Pour le Passeur d’ames, l’évidence est incompréhensible : ils sont morts de faim, barricadés dans la maison. Pourquoi? Comment peut on ne pas finir par sortir lorsque la faim atteint les limites de la vie? Il y a quelques enfants, des femmes, des hommes, vétus à la manière d’une autre époque, période révolutionnaire voir les costumes, à décoder les informations en eux.

Qu’est ce qui a pu les obliger à mourir de façon si horrible?
Ils se taisent, me regardent et ne bougent pas, habitués à servir en silence. Des ouvriers de la ferme, quelques servantes, il n’y a même pas de détresse dans leur regard, juste cette inhumaine résignation.

Ces gens vivaient dans la crainte, c’est certain. Ce que je comprends, c’est que dehors, il y a les troupes « ennemis » et que « si on sort ils  entreront piller ». Mais il n’y a pas eu de siège et la maison n’a pas été forcée, donc les soldats sont passés assez loin pour épargner ces malheureux.

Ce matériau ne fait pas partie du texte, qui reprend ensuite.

lemma monomial2_zero: "monomial2 (\<lambda>_. 0, \<lambda>_. 0) \<nu> = (if \<nu> = (\<lambda>_. 0) then 1 else 0)"
proof -
  have "monomial2 (\<lambda>_. 0, \<lambda>_. 0) \<nu> = (if \<forall>j. \<nu> (Inr j) = 0 then monomial2 (\<lambda>_. 0, \<lambda>_. 1) \<nu> else 0)"
    by (rule monomial2_zero_snd)
  moreover have "monomial2 (\<lambda>_. 0, \<lambda>_. 1) \<nu> = (if \<forall>j. \<nu> (Inl j) = 0 then monomial2 (\<lambda>_. 1, \<lambda>_. 1) \<nu> else 0)"
    by (rule monomial2_zero_fst)
  moreover have "\<nu> = (\<lambda>_. 0) \<longleftrightarrow> (\<forall>j. \<nu> (Inl j) = 0) \<and> (\<forall>j. \<nu> (Inr j) = 0)"
    unfolding fun_eq_iff by (rule split_sum_all)
  ultimately show ?thesis
    by (simp add: monomial2_def)
qed

lemma monomial2_eq_prod: "monomial2 p \<nu> = (\<Prod>s\<in>UNIV. case_sum (fst p) (snd p) s ^ \<nu> s)"
  by (subst UNIV_Plus_UNIV[symmetric], subst prod.Plus) (simp_all add: monomial2_def comp_def)

lemma monomial2_const: "monomial2 (\<lambda>_. u, \<lambda>_. u) \<nu> = u ^ total_degree \<nu>"
proof -
  have "case_sum (\<lambda>_. u) (\<lambda>_. u) s = u" for s :: "'n + 'n"
    by (cases s) simp_all
  then show ?thesis
    unfolding monomial2_eq_prod fst_conv snd_conv by (simp add: total_degree_def power_sum)
qed

section \<open>Non-archimedean absolute values\<close>

locale nonarchimedean_abs =
  fixes nv :: "'a::field \<Rightarrow> real"
  assumes nonneg: "nv x \<ge> 0"
    and eq_0_iff: "nv x = 0 \<longleftrightarrow> x = 0"
    and mult: "nv (x * y) = nv x * nv y"
    and ultrametric: "nv (x + y) \<le> max (nv x) (nv y)"
begin

lemma nv_0 [simp]: "nv 0 = 0"
  using eq_0_iff by simp

lemma nv_1 [simp]: "nv 1 = 1"
  using mult[of 1 1] eq_0_iff[of 1] by simp

lemma nv_minus [simp]: "nv (- x) = nv x"
proof -
  have "nv (- 1) * nv (- 1) = 1"
    using mult[of "- 1" "- 1"] by simp
  then have "nv (- 1) = 1"
    using nonneg[of "- 1"] power2_eq_1_iff[of "nv (- 1)"] by (auto simp: power2_eq_square)
  then show ?thesis
    using mult[of "- 1" x] by simp
qed

lemma nv_diff_le_max: "nv (x - y) \<le> max (nv x) (nv y)"
  using ultrametric[of x "- y"] by simp

lemma nv_add_le: "nv x \<le> b \<Longrightarrow> nv y \<le> b \<Longrightarrow> nv (x + y) \<le> b"
  using ultrametric[of x y] by simp

lemma nv_diff_le: "nv x \<le> b \<Longrightarrow> nv y \<le> b \<Longrightarrow> nv (x - y) \<le> b"
  using nv_diff_le_max[of x y] by simp

lemma nv_sum_le: "(\<And>x. x \<in> A \<Longrightarrow> nv (g x) \<le> b) \<Longrightarrow> b \<ge> 0 \<Longrightarrow> nv (sum g A) \<le> b"
  by (induction A rule: infinite_finite_induct) (auto intro: nv_add_le)

lemma nv_prod: "nv (prod g A) = (\<Prod>x\<in>A. nv (g x))"
  by (induction A rule: infinite_finite_induct) (simp_all add: mult)

lemma nv_power: "nv (x ^ n) = nv x ^ n"
  by (induction n) (simp_all add: mult)

lemma eq_0_if_nv_small: "(\<And>e. e > 0 \<Longrightarrow> nv x < e) \<Longrightarrow> x = 0"
  using eq_0_iff nonneg by (metis less_irrefl order_le_less)

lemma vnorm_nonneg: "vnorm nv x \<ge> 0"
  using vnorm_ge[of nv x] nonneg order_trans by blast

lemma vnorm_zero [simp]: "vnorm nv (\<lambda>_. 0) = 0"
  by (rule order_antisym) (simp_all add: vnorm_le_iff vnorm_nonneg)

lemma pnorm_nonneg: "pnorm nv p \<ge> 0"
  by (simp add: pnorm_def le_max_iff_disj vnorm_nonneg)

lemma pnorm_zero_snd [simp]: "pnorm nv (x, \<lambda>_. 0) = vnorm nv x"
  by (simp add: pnorm_def vnorm_nonneg max_absorb1)

lemma pnorm_zero_fst [simp]: "pnorm nv (\<lambda>_. 0, y) = vnorm nv y"
  by (simp add: pnorm_def vnorm_nonneg max_absorb2)

lemma pnorm_le_if_psub_le:
  assumes "pnorm nv p \<le> b" "pnorm nv (psub q p) \<le> b"
  shows "pnorm nv q \<le> b"
proof -
  have "nv (fst q i) \<le> b \<and> nv (snd q i) \<le> b" for i
  proof -
    have "nv (fst p i) \<le> b" "nv (fst q i - fst p i) \<le> b" "nv (snd p i) \<le> b" "nv (snd q i - snd p i) \<le> b"
      using assms by (simp_all add: pnorm_le_iff psub_def vsub_def)
    then have "nv (fst p i + (fst q i - fst p i)) \<le> b" "nv (snd p i + (snd q i - snd p i)) \<le> b"
      by (simp_all only: nv_add_le)
    then show ?thesis
      by simp
  qed
  then show ?thesis
    by (simp add: pnorm_le_iff)
qed

lemma nv_has_sum_diff:
  assumes "nv_has_sum nv g s" "nv_has_sum nv h s'"
  shows "nv_has_sum nv (\<lambda>x. g x - h x) (s - s')"
  unfolding nv_has_sum_def
proof (intro allI impI)
  fix e :: real
  assume "e > 0"
  obtain A1 where A1: "finite A1" "\<forall>B. finite B \<and> A1 \<subseteq> B \<longrightarrow> nv (sum g B - s) < e"
    using assms(1) \<open>e > 0\<close> unfolding nv_has_sum_def by blast
  obtain A2 where A2: "finite A2" "\<forall>B. finite B \<and> A2 \<subseteq> B \<longrightarrow> nv (sum h B - s') < e"
    using assms(2) \<open>e > 0\<close> unfolding nv_has_sum_def by blast
  have "nv ((\<Sum>x\<in>B. g x - h x) - (s - s')) < e" if "finite B" "A1 \<union> A2 \<subseteq> B" for B
  proof -
    have "(\<Sum>x\<in>B. g x - h x) - (s - s') = (sum g B - s) - (sum h B - s')"
      by (simp add: sum_subtractf)
    also have "nv \<dots> < e"
      using nv_diff_le_max[of "sum g B - s" "sum h B - s'"] A1(2)[rule_format, of B] A2(2)[rule_format, of B]
        that by simp
    finally show ?thesis .
  qed
  with A1(1) A2(1) show "\<exists>A. finite A \<and> (\<forall>B. finite B \<and> A \<subseteq> B \<longrightarrow> nv ((\<Sum>x\<in>B. g x - h x) - (s - s')) < e)"
    by (intro exI[of _ "A1 \<union> A2"]) simp
qed

lemma nv_has_sum_le:
  assumes "nv_has_sum nv g s" "\<And>x. nv (g x) \<le> b" "b \<ge> 0"
  shows "nv s \<le> b"
proof (rule ccontr)
  assume "\<not> nv s \<le> b"
  then have "nv s - b > 0"
    by simp
  then obtain A where "finite A" "nv (sum g A - s) < nv s - b"
    using assms(1) unfolding nv_has_sum_def by blast
  moreover have "nv (sum g A) \<le> b"
    using assms(2,3) by (rule nv_sum_le)
  ultimately show False
    using nv_diff_le_max[of "sum g A" "sum g A - s"] assms(3) \<open>\<not> nv s \<le> b\<close>
    by (simp add: max_def split: if_splits)
qed

lemma nv_has_sum_terms_bounded:
  assumes "nv_has_sum nv g s"
  shows "\<exists>b\<ge>0. \<forall>x. nv (g x) \<le> b"
proof -
  obtain A where A: "finite A" "\<forall>B. finite B \<and> A \<subseteq> B \<longrightarrow> nv (sum g B - s) < 1"
    using assms zero_less_one unfolding nv_has_sum_def by blast
  have "nv (g x) \<le> 1 + (\<Sum>y\<in>A. nv (g y))" for x
  proof (cases "x \<in> A")
    case True
    then show ?thesis
      using A(1) nonneg member_le_sum[of x A "\<lambda>y. nv (g y)"] by simp
  next
    case False
    then have "g x = (sum g (insert x A) - s) - (sum g A - s)"
      using A(1) by simp
    moreover have "nv (sum g (insert x A) - s) < 1" "nv (sum g A - s) < 1"
      using A(1) A(2)[rule_format, of "insert x A"] A(2)[rule_format, of A] by auto
    ultimately have "nv (g x) \<le> 1"
      using nv_diff_le[of "sum g (insert x A) - s" 1 "sum g A - s"] by simp
    moreover have "(\<Sum>y\<in>A. nv (g y)) \<ge> 0"
      by (simp add: nonneg sum_nonneg)
    ultimately show ?thesis by linarith
  qed
  moreover have "1 + (\<Sum>y\<in>A. nv (g y)) \<ge> 0"
    by (simp add: nonneg sum_nonneg)
  ultimately show ?thesis
    by blast
qed

lemma nv_has_sum_eq_single:
  assumes "nv_has_sum nv g s" "\<And>x. x \<noteq> x0 \<Longrightarrow> g x = 0"
  shows "s = g x0"
proof -
  have "nv (g x0 - s) < e" if "e > 0" for e
  proof -
    obtain A where "finite A" "\<forall>B. finite B \<and> A \<subseteq> B \<longrightarrow> nv (sum g B - s) < e"
      using assms(1) \<open>e > 0\<close> unfolding nv_has_sum_def by blast
    then have "finite A" "nv (sum g (insert x0 A) - s) < e"
      by auto
    moreover have "sum g (insert x0 A) = g x0"
      using assms(2) \<open>finite A\<close> by (simp add: sum.insert_remove)
    ultimately show ?thesis by simp
  qed
  then show ?thesis
    using eq_0_if_nv_small[of "g x0 - s"] by simp
qed

lemma nv_prod_diff_le:
  assumes "\<And>j. j \<in> S \<Longrightarrow> nv (a j) \<le> R j" "\<And>j. j \<in> S \<Longrightarrow> nv (b j) \<le> R j"
    and "\<And>j. j \<in> S \<Longrightarrow> nv (a j - b j) * r \<le> R j * d" "r \<ge> 0" "d \<ge> 0"
  shows "nv (prod a S - prod b S) * r \<le> prod R S * d"
  using assms
proof (induction S rule: infinite_finite_induct)
  case (insert x F)
  have R: "0 \<le> R j" if "j \<in> insert x F" for j
    using insert.prems(1)[OF that] nonneg order_trans by blast
  have b: "nv (prod b F) \<le> prod R F"
    unfolding nv_prod using insert.prems(2) nonneg by (intro prod_mono) auto
  have IH: "nv (prod a F - prod b F) * r \<le> prod R F * d"
    using insert by simp
  have split: "prod a (insert x F) - prod b (insert x F)
      = a x * (prod a F - prod b F) + (a x - b x) * prod b F"
    using insert.hyps by (simp add: algebra_simps)
  have "nv (a x) * (nv (prod a F - prod b F) * r) \<le> R x * (prod R F * d)"
    by (rule mult_mono[OF _ IH]) (use insert.prems(1,4) R nonneg in auto)
  moreover have "(nv (a x - b x) * r) * nv (prod b F) \<le> (R x * d) * prod R F"
    by (rule mult_mono[OF _ b]) (use insert.prems(3,4,5) R nonneg in auto)
  ultimately have "max (nv (a x) * nv (prod a F - prod b F)) (nv (a x - b x) * nv (prod b F)) * r
      \<le> prod R (insert x F) * d"
    using insert.hyps by (simp add: max_def algebra_simps)
  moreover have "nv (prod a (insert x F) - prod b (insert x F))
      \<le> max (nv (a x) * nv (prod a F - prod b F)) (nv (a x - b x) * nv (prod b F))"
    unfolding split mult[symmetric] by (rule ultrametric)
  ultimately show ?case
    using insert.prems(4) mult_right_mono order_trans by blast
qed simp_all

lemma nv_power_diff_le:
  assumes "nv a \<le> r" "nv b \<le> r" "nv (a - b) \<le> d" "r \<ge> 0" "d \<ge> 0"
  shows "nv (a ^ k - b ^ k) * r \<le> r ^ k * d"
proof -
  have "nv (a - b) * r \<le> r * d"
    using mult_right_mono[OF assms(3,4)] by (simp add: mult.commute)
  then show ?thesis
    using nv_prod_diff_le[of "{..<k}" "\<lambda>_. a" "\<lambda>_. r" "\<lambda>_. b" r d] assms by simp
qed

Pour comprendre, j’entreprends la visite des lieux. A l’étage je trouve deux jeunes femmes, enfermées dans une chambre, décédées elles aussi, elle sont parties d’affaiblissement, de « mélancolie » disait on alors. Elle se sont laissées dépérir et un hiver trop rude a eu raison d’elles. Je les ai aperçu, elles étaient derrière la fenêtre quand je suis arrivée. Leur drame est antérieur à celui des gens du rez de chaussée, le mystère s’épaissit. C’est sous le toit que je vais trouver la raison de cette horrible affaire.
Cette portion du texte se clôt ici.